Cenco Inc. v. Seidman & Seidman

686 F.2d 449, 1982 U.S. App. LEXIS 20664
CourtCourt of Appeals for the Seventh Circuit
DecidedMarch 26, 1982
DocketNos. 81-2126, 81-2264
StatusPublished
Cited by246 cases

This text of 686 F.2d 449 (Cenco Inc. v. Seidman & Seidman) is published on Counsel Stack Legal Research, covering Court of Appeals for the Seventh Circuit primary law. Counsel Stack provides free access to over 12 million legal documents including statutes, case law, regulations, and constitutions.

Bluebook
Cenco Inc. v. Seidman & Seidman, 686 F.2d 449, 1982 U.S. App. LEXIS 20664 (7th Cir. 1982).

Opinion

POSNER, Circuit Judge.

We consider in this case the standards under the common law of Illinois governing the liability of independent auditors for failing to detect fraud by the management of the company audited; the standing of auditors under the RICO statute (Racketeer Influenced and Corrupt Organizations Act, 18 U.S.C. §§ 1961 et seq.) to sue such a company for damages; and — sua sponte, as we are obliged to do — questions of federal subject-matter jurisdiction.

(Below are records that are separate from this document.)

(* Let $(r,\alpha,\beta,L,R)$ and $(r',\alpha',\beta',L',R')$ be $(m,n)$-allowed quintuples with $L\,\Pi(\alpha,\beta)\,R=L'\,\Pi(\alpha',\beta')\,R'$. Then $(r,\alpha,\beta,L,R)=(r',\alpha',\beta',L',R')$.
   Context: $\mathbb{F}$ is the field with two elements, $[n]=\{1,\dots,n\}$, $e_{n,i}$ standard basis column vectors, $I_n$ identity. $P_n=\{(i,j):i,j\in[n],i>j\}$; for transitive $T\subseteq P_n$ ($(i,j),(j,k)\in T\Rightarrow(i,k)\in T$), $L_n(T)=I_n+\mathrm{span}_{\mathbb{F}}\{e_{n,i}e_{n,j}^{\top}:(i,j)\in T\}$. $\Pi(\alpha,\beta)=\sum_{i=1}^re_{m,\alpha(i)}e_{n,\beta(i)}^{\top}\in\mathbb{F}^{m\times n}$. For increasing $\alpha:[r]\to[m]$, $T_L(\alpha)=\{(i,j):j\in\mathrm{Im}(\alpha),i>j\}\subseteq P_m$; for injective $\beta:[r]\to[n]$, $T_R(\beta)=\{(i,j):i\in\mathrm{Im}(\beta),j<i,j\notin\{\beta(1),\dots,\beta(\beta^{-1}(i)-1)\}\}$. A quintuple $(r,\alpha,\beta,L,R)$ is $(m,n)$-allowed if $r\le\min(m,n)$, $\alpha:[r]\to[m]$ is increasing, $\beta:[r]\to[n]$ is injective, $L\in L_m(T_L(\alpha))$, $R\in L_n(T_R(\beta))$. *)

theory Defs
  imports "HOL-Library.Z2" "Jordan_Normal_Form.Matrix"
begin

text \<open>Indices are 0-based: the paper's index set [n] = {1..n} is rendered as {0..<n};
  maps alpha, beta : [r] -> [m] are rendered as lists of length r.\<close>

definition P_set :: "nat \<Rightarrow> (nat \<times> nat) set" where
  "P_set n = {(i, j). i < n \<and> j < n \<and> i > j}"
lemma is_pretreeI:
  fixes rank :: "'v \<Rightarrow> nat"
  assumes pg: "is_pregraph G" and root: "r \<in> verts G"
    and no_in: "\<And>a c. (a, c, r) \<notin> edges G"
    and ex_in: "\<And>v. v \<in> verts G \<Longrightarrow> v \<noteq> r \<Longrightarrow> \<exists>a c. (a, c, v) \<in> edges G"
    and uniq_in: "\<And>a c v a' c'. (a, c, v) \<in> edges G \<Longrightarrow> (a', c', v) \<in> edges G \<Longrightarrow> a = a' \<and> c = c'"
    and rank: "\<And>a c b. (a, c, b) \<in> edges G \<Longrightarrow> rank a < rank b"
  shows "is_pretree G r"
proof -
  have "\<exists>p. fpath G r p v" if "v \<in> verts G" for v
    using that
  proof (induction "rank v" arbitrary: v rule: less_induct)
    case less
    show ?case
    proof (cases "v = r")
      case True
      then show ?thesis using root by (intro exI[of _ "[]"]) simp
    next
      case False
      then obtain a c where e: "(a, c, v) \<in> edges G" using ex_in less.prems by blast
      then have "a \<in> verts G" using pg by (auto simp: is_pregraph_def)
      then obtain p where "fpath G r p a" using less.hyps[OF rank[OF e]] by blast
      then have "fpath G r (p @ [(a, c, v)]) v" using e less.prems by (simp add: fpath_snoc[OF pg])
      then show ?thesis by blast
    qed
  qed
  moreover have "p = p'" if "fpath G r p v" "fpath G r p' v" for p p' v
    using that
  proof (induction p arbitrary: p' v rule: rev_induct)
    case Nil
    then show ?case
      using no_in by (cases p' rule: rev_exhaust) (auto simp: fpath_snoc[OF pg])
  next
    case (snoc e p)
    obtain a c b where e: "e = (a, c, b)" by (cases e)
    then have p: "fpath G r p a" "(a, c, v) \<in> edges G"
      using snoc.prems by (auto simp: fpath_snoc[OF pg])
    show ?case
    proof (cases p' rule: rev_exhaust)
      case Nil
      then show ?thesis using snoc.prems p no_in by simp
    next
      case (snoc q' e')
      obtain a' c' b' where e': "e' = (a', c', b')" by (cases e')
      then have p': "fpath G r q' a'" "(a', c', v) \<in> edges G"
        using snoc.prems snoc by (auto simp: fpath_snoc[OF pg])
      then have "a = a'" "c = c'" using uniq_in p(2) by blast+
      moreover have "p = q'" using snoc.IH p p' calculation by blast
      ultimately show ?thesis using snoc snoc.prems e e' by (auto simp: fpath_snoc[OF pg])
    qed
  qed
  ultimately show ?thesis unfolding is_pretree_def using pg root by blast
qed

section \<open>Infinite concatenation of finite paths\<close>

definition iconcat_start :: "(nat \<Rightarrow> 'a list) \<Rightarrow> nat \<Rightarrow> nat" where
  "iconcat_start L i = (\<Sum>j<i. length (L j))"

definition iconcat_block :: "(nat \<Rightarrow> 'a list) \<Rightarrow> nat \<Rightarrow> nat" where
  "iconcat_block L n = (LEAST i. n < iconcat_start L (Suc i))"

definition iconcat :: "(nat \<Rightarrow> 'a list) \<Rightarrow> nat \<Rightarrow> 'a" where
  "iconcat L n = L (iconcat_block L n) ! (n - iconcat_start L (iconcat_block L n))"

lemma iconcat_start_0 [simp]: "iconcat_start L 0 = 0"
  by (simp add: iconcat_start_def)

lemma iconcat_start_Suc [simp]: "iconcat_start L (Suc i) = iconcat_start L i + length (L i)"
  by (simp add: iconcat_start_def)

lemma iconcat_start_mono: "i \<le> i' \<Longrightarrow> iconcat_start L i \<le> iconcat_start L i'"
  unfolding iconcat_start_def by (rule sum_mono2) auto

lemma iconcat_nth:
  assumes "j < length (L i)"
  shows "iconcat L (iconcat_start L i + j) = L i ! j"
proof -
  have "iconcat_block L (iconcat_start L i + j) = i"
    unfolding iconcat_block_def
  proof (rule Least_equality)
    show "iconcat_start L i + j < iconcat_start L (Suc i)" using assms by simp
    show "i \<le> i'" if "iconcat_start L i + j < iconcat_start L (Suc i')" for i'
      using that iconcat_start_mono[of "Suc i'" i L]
      by (meson not_less_eq_eq not_add_less1 order_less_le_trans)
  qed
  then show ?thesis by (simp add: iconcat_def)
qed

lemma iconcat_decomp:
  assumes ne: "\<forall>i. L i \<noteq> []"
  obtains i j where "j < length (L i)" "n = iconcat_start L i + j"
proof -
  define i where "i = iconcat_block L n"
  have "k \<le> iconcat_start L k" for k
  proof (induction k)
    case (Suc k)
    have "0 < length (L k)" using ne by simp
    then show ?case using Suc by (simp only: iconcat_start_Suc)
  qed simp
  then have "n < iconcat_start L (Suc n)" by (meson Suc_le_eq)
  then have upper: "n < iconcat_start L (Suc i)"
    unfolding i_def iconcat_block_def by (rule LeastI)
  have lower: "iconcat_start L i \<le> n"
  proof (cases i)
    case (Suc k)
    then have "\<not> n < iconcat_start L (Suc k)"
      unfolding i_def iconcat_block_def by (metis lessI not_less_Least)
    then show ?thesis using Suc by simp
  qed simp
  show ?thesis using that[of "n - iconcat_start L i" i] upper lower by simp
qed

lemma fpath_iconcat:
  assumes paths: "\<And>i. fpath G (xs i) (L i) (xs (Suc i))" and ne: "\<forall>i. L i \<noteq> []"
  shows "(fst (iconcat L n), fst (snd (iconcat L n)), fst (iconcat L (Suc n))) \<in> edges G"
proof -
  obtain i j where ij: "j < length (L i)" "n = iconcat_start L i + j"
    using iconcat_decomp[OF ne] .
  note step = fpath_nth[OF paths[of i] ij(1)]
  have "snd (snd (iconcat L n)) = fst (iconcat L (Suc n))"
  proof (cases "Suc j < length (L i)")
    case True
    then show ?thesis using step ij iconcat_nth[of "Suc j" L i] iconcat_nth[of j L i] by simp
  next
    case False
    then have last: "Suc j = length (L i)" using ij by simp
    have first: "0 < length (L (Suc i))" using ne by simp
    have "Suc n = iconcat_start L (Suc i) + 0" using ij last by simp
    then have "iconcat L (Suc n) = L (Suc i) ! 0" using iconcat_nth[of 0 L "Suc i"] first by simp
    moreover have "fst (L (Suc i) ! 0) = xs (Suc i)" using fpath_nth[OF paths first] by simp
    ultimately show ?thesis using step last iconcat_nth[of j L i] ij by simp
  qed
  moreover have "iconcat L n \<in> edges G" using step iconcat_nth[of j L i] ij by simp
  ultimately show ?thesis by (metis prod.collapse)
qed

lemma iconcat_snoc_positions:
  assumes L_def: "\<And>i. L i = q i @ [e i]"
    and q_P: "\<forall>i. \<forall>x\<in>set (q i). P x" and e_not_P: "\<forall>i. \<not> P (e i)"
  defines "f \<equiv> \<lambda>i. iconcat_start L i + length (q i)"
  shows "strict_mono f" and "iconcat L (f i) = e i" and "{n. \<not> P (iconcat L n)} = range f"
proof -
  show "strict_mono f" unfolding strict_mono_Suc_iff by (simp add: f_def L_def)
  show at_f: "iconcat L (f i) = e i" for i
    using iconcat_nth[of "length (q i)" L i] by (simp add: f_def L_def)
  show "{n. \<not> P (iconcat L n)} = range f"
  proof (intro equalityI subsetI)
    fix n assume "n \<in> {n. \<not> P (iconcat L n)}"
    moreover have "\<forall>i. L i \<noteq> []" by (simp add: L_def)
    then obtain i j where ij: "j < length (L i)" "n = iconcat_start L i + j"
      by (rule iconcat_decomp)
    ultimately have "\<not> j < length (q i)"
      using q_P iconcat_nth[of j L i] by (simp add: L_def nth_append) (metis nth_mem)
    then have "n = f i" using ij by (simp add: f_def L_def)
    then show "n \<in> range f" by simp
  qed (use at_f e_not_P in auto)
qed

locale pretree =
  fixes T :: "('v, 'd) pregraph" and root :: 'v
  assumes is_pretree: "is_pretree T root"
begin

lemma is_pregraph: "is_pregraph T"
  using is_pretree by (simp add: is_pretree_def)

lemma root_in_verts: "root \<in> verts T"
  using is_pretree by (simp add: is_pretree_def)

lemma edge_in_verts: "(a, c, b) \<in> edges T \<Longrightarrow> a \<in> verts T \<and> b \<in> verts T"
  using is_pregraph by (auto simp: is_pregraph_def)

definition root_path :: "'v \<Rightarrow> ('v \<times> 'd \<times> 'v) list" where
  "root_path v = (THE p. fpath T root p v)"

lemma fpath_root_path: "v \<in> verts T \<Longrightarrow> fpath T root (root_path v) v"
  unfolding root_path_def using is_pretree by (simp add: is_pretree_def) (metis theI')

lemma root_path_unique: "fpath T root p v \<Longrightarrow> root_path v = p"
  using is_pretree fpath_root_path fpath_endpoints_in_verts[OF is_pregraph]
  unfolding is_pretree_def by blast

lemma root_path_root: "root_path root = []"
  using root_in_verts by (intro root_path_unique) simp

Between 1970 and 1975, managerial employees of Cenco Incorporated engaged in a massive fraud. The fraud began in Cenco’s Medical/Health Division but eventually spread to the top management of Cenco, and by the time it was unmasked the chairman and president of Cenco plus a number of vice-presidents and other top managers were deeply involved. Not all the managers of Cenco were corrupt, however. Seven of the nine members of the board of directors were not in on the fraud, although there is evidence that they were negligent in allowing it to flourish undetected beneath their noses. The fraud was eventually discovered by a newly hired financial officer at Cenco who reported his suspicions to the Securities and Exchange Commission. Cenco’s independent auditor throughout the period of the fraud, the accounting partnership of Seidman & Seidman, either never discovered the fraud or if it did failed to report it.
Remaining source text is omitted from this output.